In January, Paul Shawah, senior vice president of Veeva Commercial Cloud, backed AI to make a big impact on the life sciences industry in 2019, noting “we will move towards an AI-driven workforce as artificial intelligence becomes a standard capability across enterprise commercial applications”.

He went on to say: “AI will not only continue to improve sales force effectiveness with suggestions on their next best actions… it will [also] automate claims-reference linking in content management for marketing operations.”

According to Accenture, AI could help workers to use their time more efficiently, increasing labour productivity by up to 40% – just the sort of boost that sales reps need.

The impact of AI on pharmaceutical sales can start before the sales rep meets a customer. Machine learning can separate customers into highly specific segments, allowing sales teams to personalise their activity to greater degree. For example, in addition to therapy area, doctors can be segmented based on factors including interest in new drugs, location and availability.

In addition, AI can recommend materials based on a sales rep’s previous meetings with a customer and makes them easy to access. For example, if a doctor has expressed an interest in drugs for diabetes and cardiovascular disease before, the sales rep can be told to come equipped with information about relevant drugs. This ensures that personalised, impactful messages are shared, and less time is wasted while the sales rep searches for materials during the meeting.

Going one step further, Novartis is using AI to tell its sales reps what to say during meetings. Novartis’ pharma chief executive, Paul Hudson, told FiercePharma that the company’s ‘virtual assistant’ will make sure his sales team are “talking about the things that the healthcare professional is absolutely interested in.” Elsewhere, Pfizer Australia teamed up with AI provider, Complexica, back in 2017 to simulate sales and marketing strategies and resolve tricky ‘what-if’ scenarios.

During meetings, AI could transform the way inventories are taken at pharmacies. Currently, sales reps do this manually; however, this is associated with human error and reduces the time they have to engage their customer.

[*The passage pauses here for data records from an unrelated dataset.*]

text \<open>The excess \<open>\<langle>w,Hw\<rangle> - \<mu>\<langle>w,w\<rangle>\<close> is a non-negative quadratic form vanishing at \<open>v\<^sub>0\<close>, so
  its derivative \<open>2 \<parallel>d\<parallel>\<^sup>2\<close> at \<open>v\<^sub>0\<close> in the direction \<open>d = Hv\<^sub>0 - \<mu>v\<^sub>0\<close> vanishes.\<close>
lemma hermitian_rayleigh_minimiser_eigenvector:
  fixes H :: "complex^'n^'n"
  assumes herm: "hermitian H"
    and lb: "\<And>w. \<mu> * inner w w \<le> inner w (H *v w)"
    and eq: "inner v0 (H *v v0) = \<mu> * inner v0 v0"
  shows "H *v v0 = complex_of_real \<mu> *s v0"
proof -
  define \<phi> where "\<phi> w = inner w (H *v w) - \<mu> * inner w w" for w
  define d where "d = H *v v0 - \<mu> *\<^sub>R v0"
  have expand: "\<phi> (v0 + t *\<^sub>R d) = (2 * inner d d) * t + \<phi> d * t\<^sup>2" for t
  proof -
    have "\<phi> (v0 + t *\<^sub>R d) = \<phi> v0 + t * (inner (H *v v0) d + inner d (H *v v0) - 2 * \<mu> * inner v0 d)
        + \<phi> d * t\<^sup>2"
      unfolding \<phi>_def
      by (simp add: matrix_vector_right_distrib matrix_vector_mult_scaleR_complex inner_add_left
          inner_add_right hermitian_inner_commute[OF herm, of v0 d] power2_eq_square algebra_simps
          inner_commute[of d v0])
    also have "inner (H *v v0) d + inner d (H *v v0) - 2 * \<mu> * inner v0 d = 2 * inner d d"
      unfolding d_def by (simp add: inner_commute algebra_simps)
    finally show ?thesis using eq by (simp add: \<phi>_def)
  qed
  have "0 \<le> \<phi> w" for w using lb[of w] by (simp add: \<phi>_def)
  then have "2 * inner d d = 0"
    by (intro quadratic_nonneg_imp_linear_coeff_zero[of _ "\<phi> d"]) (simp flip: expand)
  then show ?thesis by (simp add: d_def scaleR_eq_of_real_smult)
qed

lemma pos_definite_min_eigenvalue:
  fixes H :: "complex^'n^'n"
  assumes pd: "pos_definite H"
  shows "\<exists>\<mu>>0. complex_of_real \<mu> \<in> eigenvalues H \<and> (\<forall>v. \<mu> * inner v v \<le> inner v (H *v v))"
proof -
  have "continuous_on (sphere 0 1) (\<lambda>w. inner w (H *v w))"
    by (intro continuous_intros linear_continuous_on matrix_vector_mul_bounded_linear)
  moreover have "sphere (0::complex^'n) 1 \<noteq> {}" by simp
  ultimately obtain v0 where v0: "v0 \<in> sphere 0 1"
    and min: "\<And>w. w \<in> sphere 0 1 \<Longrightarrow> inner v0 (H *v v0) \<le> inner w (H *v w)"
    using continuous_attains_inf[OF compact_sphere] by blast
  define \<mu> where "\<mu> = inner v0 (H *v v0)"
  have "v0 \<noteq> 0" using v0 by auto
  have lb: "\<mu> * inner v v \<le> inner v (H *v v)" for v
    unfolding \<mu>_def by (rule inner_ge_of_sphere[OF min])
  have "inner v0 v0 = 1" using v0 by (simp flip: power2_norm_eq_inner)
  then have "H *v v0 = complex_of_real \<mu> *s v0"
    using pd lb by (intro hermitian_rayleigh_minimiser_eigenvector) (auto simp: pos_definite_def \<mu>_def)
  then have "complex_of_real \<mu> \<in> eigenvalues H"
    using \<open>v0 \<noteq> 0\<close> by (intro eigenvaluesI)
  moreover have "\<mu> > 0" unfolding \<mu>_def using pos_definite_inner_pos[OF pd \<open>v0 \<noteq> 0\<close>] .
  ultimately show ?thesis using lb by (intro exI[of _ \<mu>]) simp
qed

lemma pos_definite_coercive:
  fixes H :: "complex^'n^'n"
  assumes "pos_definite H"
  shows "\<exists>\<mu>>0. Inf (cmod ` eigenvalues H) = \<mu> \<and> (\<forall>v. \<mu> * (norm v)\<^sup>2 \<le> inner v (H *v v))"
proof -
  obtain \<mu> where \<mu>: "\<mu> > 0" "complex_of_real \<mu> \<in> eigenvalues H"
    and lb: "\<And>v. \<mu> * inner v v \<le> inner v (H *v v)"
    using pos_definite_min_eigenvalue[OF assms] by auto
  have bound: "\<mu> \<le> cmod l" if l: "l \<in> eigenvalues H" for l
  proof -
    obtain v where v: "v \<noteq> 0" "H *v v = l *s v" using l by (rule eigenvaluesE)
    then have "\<mu> * inner v v \<le> Re l * inner v v" using lb[of v] by (simp add: inner_smult_self)
    then have "\<mu> \<le> Re l" using v by (simp add: mult_right_le_imp_le)
    then show ?thesis using abs_Re_le_cmod[of l] by linarith
  qed
  have "\<mu> \<in> cmod ` eigenvalues H" using \<mu> by (force simp: image_iff)
  then have "Inf (cmod ` eigenvalues H) = \<mu>"
    by (rule cInf_eq_minimum) (use bound in auto)
  moreover have "\<mu> * (norm v)\<^sup>2 \<le> inner v (H *v v)" for v
    using lb[of v] by (simp only: power2_norm_eq_inner)
  ultimately show ?thesis using \<mu> by (auto intro!: exI[of _ \<mu>])
qed

lemma definite_coercive:
  fixes H :: "complex^'n^'n"
  assumes "pos_definite H \<or> neg_definite H"
  shows "\<exists>\<mu>>0. Inf (cmod ` eigenvalues H) = \<mu> \<and> (\<forall>v. \<mu> * (norm v)\<^sup>2 \<le> \<bar>inner v (H *v v)\<bar>)"
  using assms
proof
  assume "pos_definite H"
  then obtain \<mu> where "\<mu> > 0" "Inf (cmod ` eigenvalues H) = \<mu>"
    and lb: "\<forall>v. \<mu> * (norm v)\<^sup>2 \<le> inner v (H *v v)"
    using pos_definite_coercive[OF \<open>pos_definite H\<close>] by auto
  moreover have "\<mu> * (norm v)\<^sup>2 \<le> \<bar>inner v (H *v v)\<bar>" for v
    using lb by (meson abs_ge_self order_trans)
  ultimately show ?thesis by (auto intro!: exI[of _ \<mu>])
next
  assume "neg_definite H"
  then obtain \<mu> where "\<mu> > 0" "Inf (cmod ` eigenvalues (- H)) = \<mu>"
    and lb: "\<forall>v. \<mu> * (norm v)\<^sup>2 \<le> inner v ((- H) *v v)"
    using pos_definite_coercive[OF neg_definite_uminus[OF \<open>neg_definite H\<close>]] by auto
  moreover have "cmod ` eigenvalues (- H) = cmod ` eigenvalues H"
    by (simp add: eigenvalues_uminus image_image)
  moreover have "\<mu> * (norm v)\<^sup>2 \<le> \<bar>inner v (H *v v)\<bar>" for v
    using lb[rule_format, of v] abs_ge_minus_self order_trans
    by (metis inner_minus_right matrix_vector_mult_uminus_left)
  ultimately show ?thesis by (auto intro!: exI[of _ \<mu>])
qed

lemma exists_scaleR_contraction:
  fixes u v :: "'a::real_inner"
  assumes \<mu>: "0 \<le> \<mu>" "\<mu> \<le> N"
    and lb: "\<mu> * (norm v)\<^sup>2 \<le> \<bar>inner v u\<bar>" and ub: "norm u \<le> N * norm v"
  shows "\<exists>t. norm (v - t *\<^sub>R u) \<le> sqrt (1 - (\<mu> / N)\<^sup>2) * norm v"
proof (cases "u = 0")
  case True
  with lb \<mu> have "\<mu> = 0 \<or> v = 0" by (simp add: mult_le_0_iff disj_commute)
  then show ?thesis by (auto intro: exI[of _ 0])
next
  case False
  then have "0 < N * norm v" using ub by (meson norm_le_zero_iff not_less order_trans)
  then have v: "norm v > 0" and N: "N > 0" by (simp_all add: zero_less_mult_iff)
  have q: "(\<mu> / N)\<^sup>2 \<le> 1" using \<mu> N by (simp add: power_le_one)
  define t where "t = inner v u / (norm u)\<^sup>2"
  have "(norm (v - t *\<^sub>R u))\<^sup>2 = (norm v)\<^sup>2 - (inner v u)\<^sup>2 / (norm u)\<^sup>2"
    using False unfolding power2_norm_eq_inner t_def
    by (simp add: inner_diff_left inner_diff_right inner_commute field_simps power2_eq_square)
  moreover have "(\<mu> / N)\<^sup>2 * (norm v)\<^sup>2 \<le> (inner v u)\<^sup>2 / (norm u)\<^sup>2"
  proof -
    have "(\<mu> / N)\<^sup>2 * (norm v)\<^sup>2 = (\<mu> * (norm v)\<^sup>2)\<^sup>2 / (N * norm v)\<^sup>2"
      using v N by (simp add: field_simps power2_eq_square)
    also have "\<dots> \<le> (inner v u)\<^sup>2 / (norm u)\<^sup>2"
      using power_mono[OF lb, of 2] \<mu> ub False by (intro frac_le) (auto intro!: power_mono)
    finally show ?thesis .
  qed
  ultimately have "(norm (v - t *\<^sub>R u))\<^sup>2 \<le> (norm v)\<^sup>2 - (\<mu> / N)\<^sup>2 * (norm v)\<^sup>2"
    by linarith
  also have "\<dots> = (sqrt (1 - (\<mu> / N)\<^sup>2))\<^sup>2 * (norm v)\<^sup>2"
    using q by (simp add: left_diff_distrib)
  finally have "(norm (v - t *\<^sub>R u))\<^sup>2 \<le> (sqrt (1 - (\<mu> / N)\<^sup>2) * norm v)\<^sup>2"
    by (simp only: power_mult_distrib)
  then have "norm (v - t *\<^sub>R u) \<le> sqrt (1 - (\<mu> / N)\<^sup>2) * norm v"
    by (rule power2_le_imp_le) (use q in simp)
  then show ?thesis ..
qed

Instead, images of the pharmacy’s shelves could be taken and analysed using AI to provide useful data about a company’s own drugs, as well as those of their competitors.

After a meeting, the sales rep logs their actions in a customer relationship management system. This, along with customer prescribing and browsing information, is a huge amount of data that, at the moment, sales reps cannot use. However, if data is continuously fed into an AI system, it could help pharmaceutical companies to target the right customers, personalise messaging, and determine the most appropriate type and frequency of interaction.

We’ve seen that AI has the potential to increase the efficiency of sales reps throughout the sales process. Tasks, for example, sourcing relevant materials for the customer, may sound simple, however, many reps are struggling to do this. By putting AI in control of some of the responsibilities that currently lie with sales reps, they will go into meetings better prepared and equipped with targeted resources, giving them the power and confidence to close more deals and boost sales.